(Stored items)
-*-*-

lemma spikes_eq_0_below: "x < 36 \<Longrightarrow> spikes x = 0"
  using spike_start_le spike_start_ge by (meson le_less_trans not_less spikes_eq_0)

lemma spikes_nonneg: "0 \<le> spikes x"
proof (cases x rule: spikes_cases)
  case (2 n)
  then show ?thesis using spike_height_ge[of n] by simp
qed simp

lemma spikes_le: "spikes x \<le> \<bar>x\<bar>"
proof (cases x rule: spikes_cases)
  case (2 n)
  have "spike_height n \<le> (spike_height n)\<^sup>2 * 1"
    using spike_height_ge[of n] by (simp add: power2_eq_square)
  also have "\<dots> \<le> spike_start n" unfolding spike_start_def by (intro mult_left_mono) auto
  finally show ?thesis using 2 spike_start_le[of x n] by simp
qed simp

lemma spike_measurable[measurable]: "spike n \<in> sets borel"
  unfolding spike_def by simp

lemma spikes_measurable[measurable]: "spikes \<in> borel_measurable borel"
  unfolding spikes_def[abs_def] by measurable

lemma spikes_mult_indicator_atMost_0: "spikes x * indicator {..0} x = 0"
  using spikes_eq_0_below[of x] by (cases "x \<le> 0") auto

lemma Linf_loc_spikes: "Linf_loc spikes"
  unfolding Linf_loc_def
proof (intro conjI allI impI)
  fix K :: "real set" assume "compact K"
  then obtain R where "\<forall>x\<in>K. \<bar>x\<bar> \<le> R"
    using compact_imp_bounded[of K] unfolding bounded_iff by auto
  then have "\<forall>x\<in>K. \<bar>spikes x\<bar> \<le> R"
    using spikes_le spikes_nonneg by (metis abs_of_nonneg order_trans)
  then show "\<exists>M. AE x in lborel. x \<in> K \<longrightarrow> \<bar>spikes x\<bar> \<le> M"
    by (intro exI[of _ R] AE_I2) simp
qed simp

lemma Linf_loc_indicator_atMost_0: "Linf_loc (indicator {..0})"
  unfolding Linf_loc_def by (auto intro!: exI[of _ 1] AE_I2 simp: indicator_def)

lemma double_commutator_spikes:
  "commutator (indicator {..0}) (commutator spikes hilbert) f x
     = - indicator {..0} x * hilbert (\<lambda>y. spikes y * f y) x
       - spikes x * hilbert (\<lambda>y. indicator {..0} y * f y) x"
  by (rule commutator_commutator_of_disjoint) (simp_all add: spikes_mult_indicator_atMost_0 hilbert_zero)
(* Let $M$ be a metric space with $\#M\ge3$ and $s(M)>0$. For each pair $i,j\in M$ let a real number $a_{ij}=a_{ji}$ be given with $a_{ii}=0$ and $|a_{ij}|<s(M)$; define $\rho(i,j)=|ij|+a_{ij}$ and $a=\sup_{i,j}|a_{ij}|$. Assume $a\le t(M)/3$. Then: (1) $\rho$ is a metric on $M$; (2) the metric space $M_\rho=(M,\rho)$ satisfies $d_{GH}(M,M_\rho)\le a/2$; (3) if in addition $a/2<\min\{s(M)/4,e(M)/4\}$, then $d_{GH}(M,M_\rho)=a/2$; (4) under the assumptions of (3), if $a_{ij}\in\{a,-a\}$ for all $i\ne j$, then $M_\rho\in S_{a/2}(M)$; moreover, if $a'_{ij}=a'_{ji}\in\{a,-a\}$ ($i\ne j$), $a'_{ii}=0$, is another such family with $\rho'(i,j)=|ij|+a'_{ij}$, and $\rho_t=(1-t)\rho+t\rho'$ for $t\in[0,1]$, then each $(M,\rho_t)$ is a metric space, the map $t\mapsto M^t:=(M,\rho_t)$ is a continuous curve in $\mathcal{GH}$, and if $a_{ij}=a'_{ij}$ for at least one pair $i\ne j$, then $M^t\in S_{a/2}(M)$ for all $t\in[0,1]$.
   Context: For a metric space $M$ with $\#M\ge3$: $s(M)=\inf\{|xx'|: x\ne x'\}$; $t(M)=\inf\{|xx'|+|x'x''|-|xx''|: x,x',x''\text{ pairwise distinct}\}$; $S(M)$ is the set of bijections $M\to M$ and $e(M)=\inf\{\operatorname{dis}f: f\in S(M), f\ne\mathrm{id}\}$, where $\operatorname{dis}f=\sup_{x,x'}||xx'|-|f(x)f(x')||$. $d_{GH}$ is the Gromov–Hausdorff distance: $d_{GH}(X,Y)=\frac12\inf\{\operatorname{dis}R\}$ over correspondences $R\subset X\times Y$ (relations with both projections surjective), $\operatorname{dis}R=\sup\{||xx'|-|yy'||:(x,y),(x',y')\in R\}$. $\mathcal{GH}$ is the class (NBG sense) of isometry classes of all metric spaces; for each cardinal $n$ the subclass $\mathcal{GH}_n$ of spaces of cardinality at most $n$ is a set with topology based on open $d_{GH}$-balls, and a map from a topological space into $\mathcal{GH}$ is continuous if it is continuous into some (equivalently, every) $\mathcal{GH}_n$ containing its image. $S_r(X)=\{Y\in\mathcal{GH}: d_{GH}(X,Y)=r\}$. *)

theory Defs
  imports "HOL-Analysis.Analysis"
begin
(* Let $G$ be a graph with $n$ vertices that is $p$-almost equitably $k$-colorable, where $k \le n$. Then there exists a set $X$ of exactly $\min\{p, n-k\}$ vertices such that $G \setminus X$ has an equitable $k$-coloring.
   Context: A $k$-coloring of a graph is equitable if it partitions the vertex set into $k$ stable sets (color classes) whose sizes pairwise differ by at most one. A graph $G$ is $p$-almost equitably $k$-colorable if there exists a set $X$ of at most $p$ vertices such that $G\setminus X$ has an equitable $k$-coloring. *)

theory Defs
  imports Main
begin

text \<open>G minus X is the induced subgraph on V - X,
represented by restricting attention to the vertex set V - X.\<close>

definition simple_graph :: "'a set \<Rightarrow> ('a \<Rightarrow> 'a \<Rightarrow> bool) \<Rightarrow> bool" where
  "simple_graph V E \<longleftrightarrow> finite V \<and> (\<forall>u v. E u v \<longrightarrow> E v u) \<and> (\<forall>v. \<not> E v v)"

definition equitable_coloring ::
  "('a \<Rightarrow> 'a \<Rightarrow> bool) \<Rightarrow> 'a set \<Rightarrow> nat \<Rightarrow> ('a \<Rightarrow> nat) \<Rightarrow> bool" where
  "equitable_coloring E S k c \<longleftrightarrow>
     (\<forall>v\<in>S. c v < k) \<and>
     (\<forall>u\<in>S. \<forall>v\<in>S. E u v \<longrightarrow> c u \<noteq> c v) \<and>
     (\<forall>i<k. \<forall>j<k. card {v\<in>S. c v = i} \<le> card {v\<in>S. c v = j} + 1)"

definition equitably_colorable :: "('a \<Rightarrow> 'a \<Rightarrow> bool) \<Rightarrow> 'a set \<Rightarrow> nat \<Rightarrow> bool" where
  "equitably_colorable E S k \<longleftrightarrow> (\<exists>c. equitable_coloring E S k c)"

definition almost_equitably_colorable ::
  "'a set \<Rightarrow> ('a \<Rightarrow> 'a \<Rightarrow> bool) \<Rightarrow> nat \<Rightarrow> nat \<Rightarrow> bool" where
  "almost_equitably_colorable V E p k \<longleftrightarrow>
     (\<exists>X. X \<subseteq> V \<and> card X \<le> p \<and> equitably_colorable E (V - X) k)"

end

theory Submission
  imports Defs
begin

text \<open>If p < n - k, enlarge the deleted set to exactly p vertices: removing a vertex from
a largest colour class keeps an equitable colouring equitable, since every other class is at
least as large as that class minus one. If p \<ge> n - k, delete any n - k vertices; the k
survivors get pairwise distinct colours, which is trivially equitable.\<close>

lemma equitable_coloring_remove_from_largest_class:
  assumes fin: "finite S" and ne: "S \<noteq> {}" and ec: "equitable_coloring E S k c"
  obtains v where "v \<in> S" and "equitable_coloring E (S - {v}) k c"
proof -
  define f where "f j = card {v\<in>S. c v = j}" for j
  have bal: "f a \<le> f b + 1" if "a < k" "b < k" for a b
    using ec that unfolding equitable_coloring_def f_def by blast
  obtain w where w: "w \<in> S" using ne by blast
  have cw: "c w < k" using ec w unfolding equitable_coloring_def by blast
  have "Max (f ` {..<k}) \<in> f ` {..<k}"
    using cw by (intro Max_in) auto
  then obtain i where i: "i < k" "f i = Max (f ` {..<k})"
    by auto
  have imax: "f j \<le> f i" if "j < k" for j
    using i that by simp
  have "f (c w) > 0" unfolding f_def using fin w by (subst card_gt_0_iff) auto
  with imax[OF cw] have "f i > 0" by linarith
  then have "{x\<in>S. c x = i} \<noteq> {}"
    unfolding f_def by (metis card.empty less_irrefl)
  then obtain v where v: "v \<in> S" "c v = i"
    by blast
  have size: "card {x\<in>S - {v}. c x = j} = (if j = i then f i - 1 else f j)" for j
  proof -
    have "{x\<in>S - {v}. c x = j} = {x\<in>S. c x = j} - (if j = i then {v} else {})"
      using v by auto
    then show ?thesis unfolding f_def using v fin by simp
  qed
  have "card {x\<in>S - {v}. c x = a} \<le> card {x\<in>S - {v}. c x = b} + 1"
    if "a < k" "b < k" for a b
    unfolding size using bal[OF that] bal[OF i(1) that(2)] imax[OF that(1)] \<open>f i > 0\<close> by auto
  with ec have "equitable_coloring E (S - {v}) k c"
    unfolding equitable_coloring_def by blast
  with v show thesis using that by blast
qed

lemma equitable_coloring_subset_card:
  assumes "finite S" and "equitable_coloring E S k c" and "m \<le> card S"
  shows "\<exists>T\<subseteq>S. card T = m \<and> equitable_coloring E T k c"
  using assms(3)
proof (induction "card S - m" arbitrary: m)
  case 0
  then have "card S = m" by simp
  with assms(2) show ?case by blast
next
  case (Suc r)
  then have "r = card S - Suc m" "Suc m \<le> card S"
    by arith+
  then obtain T where T: "T \<subseteq> S" "card T = Suc m" "equitable_coloring E T k c"
    using Suc.hyps(1) by blast
  have "finite T" using T(1) assms(1) finite_subset by blast
  moreover have "T \<noteq> {}" using T(2) by auto
  ultimately obtain v where "v \<in> T" "equitable_coloring E (T - {v}) k c"
    using equitable_coloring_remove_from_largest_class T(3) by blast
  with T \<open>finite T\<close> show ?case by (intro exI[of _ "T - {v}"]) auto
qed

lemma equitable_coloring_if_inj_on:
  assumes "\<And>v. \<not> E v v" and "inj_on c S" and "c ` S \<subseteq> {..<k}"
  shows "equitable_coloring E S k c"
  unfolding equitable_coloring_def
proof (intro conjI ballI allI impI)
  show "c v < k" if "v \<in> S" for v using assms(3) that by blast
  show "c u \<noteq> c v" if "u \<in> S" "v \<in> S" "E u v" for u v
    using assms(1,2) that unfolding inj_on_def by metis
  fix i j :: nat
  have "card {v\<in>S. c v = i} \<le> card {i}"
    using assms(2) by (intro card_inj_on_le[where f = c]) (auto simp: inj_on_def)
  then show "card {v\<in>S. c v = i} \<le> card {v\<in>S. c v = j} + 1" by simp
qed

lemma equitably_colorable_card_eq:
  assumes "\<And>v. \<not> E v v" and "finite S" and "card S = k"
  shows "equitably_colorable E S k"
proof -
  obtain c where "bij_betw c S {..<k}"
    using assms(2,3) by (metis bij_betw_iff_card finite_lessThan card_lessThan)
  then have "equitable_coloring E S k c"
    using assms(1) by (intro equitable_coloring_if_inj_on) (auto simp: bij_betw_def)
  then show ?thesis unfolding equitably_colorable_def by blast
qed

theorem claim1:
  fixes V :: "'a set" and E :: "'a \<Rightarrow> 'a \<Rightarrow> bool" and p k :: nat
  assumes "simple_graph V E"
    and "k \<le> card V"
    and "almost_equitably_colorable V E p k"
  shows "\<exists>X. X \<subseteq> V \<and> card X = min p (card V - k) \<and> equitably_colorable E (V - X) k"
proof -
  let ?q = "min p (card V - k)"
  have finV: "finite V" and irrefl: "\<And>v. \<not> E v v"
    using assms(1) unfolding simple_graph_def by auto
  obtain T where T: "T \<subseteq> V" "card T = card V - ?q" "equitably_colorable E T k"
  proof (cases "card V - k \<le> p")
    case True
    obtain T where "T \<subseteq> V" "card T = k"
      using obtain_subset_with_card_n assms(2) by metis
    moreover from \<open>T \<subseteq> V\<close> finV have "finite T"
      by (rule finite_subset)
    ultimately show thesis
      using that True assms(2) irrefl equitably_colorable_card_eq[of E T k] by auto
  next
    case False
    obtain X c where X: "X \<subseteq> V" "card X \<le> p" "equitable_coloring E (V - X) k c"
      using assms(3) unfolding almost_equitably_colorable_def equitably_colorable_def by blast
    have "card V - p \<le> card (V - X)"
      using X finV by (simp add: card_Diff_subset finite_subset)
    with X finV obtain T where "T \<subseteq> V - X" "card T = card V - p" "equitable_coloring E T k c"
      using equitable_coloring_subset_card[of "V - X" E k c "card V - p"] by auto
    with False show thesis
      using that unfolding equitably_colorable_def by auto
  qed
  show ?thesis
  proof (intro exI conjI)
    show "V - T \<subseteq> V" by blast
    show "card (V - T) = ?q"
      using T(1,2) finV by (simp add: card_Diff_subset finite_subset)
    show "equitably_colorable E (V - (V - T)) k"
      using T(1,3) by (simp add: double_diff)
  qed
qed

end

-*-*-

### ACTION ITEM
Report every line in the data above in which the word "lambda" appears.

### EXERCISE SOLUTION
     = - indicator {..0} x * hilbert (\<lambda>y. spikes y * f y) x
       - spikes x * hilbert (\<lambda>y. indicator {..0} y * f y) x"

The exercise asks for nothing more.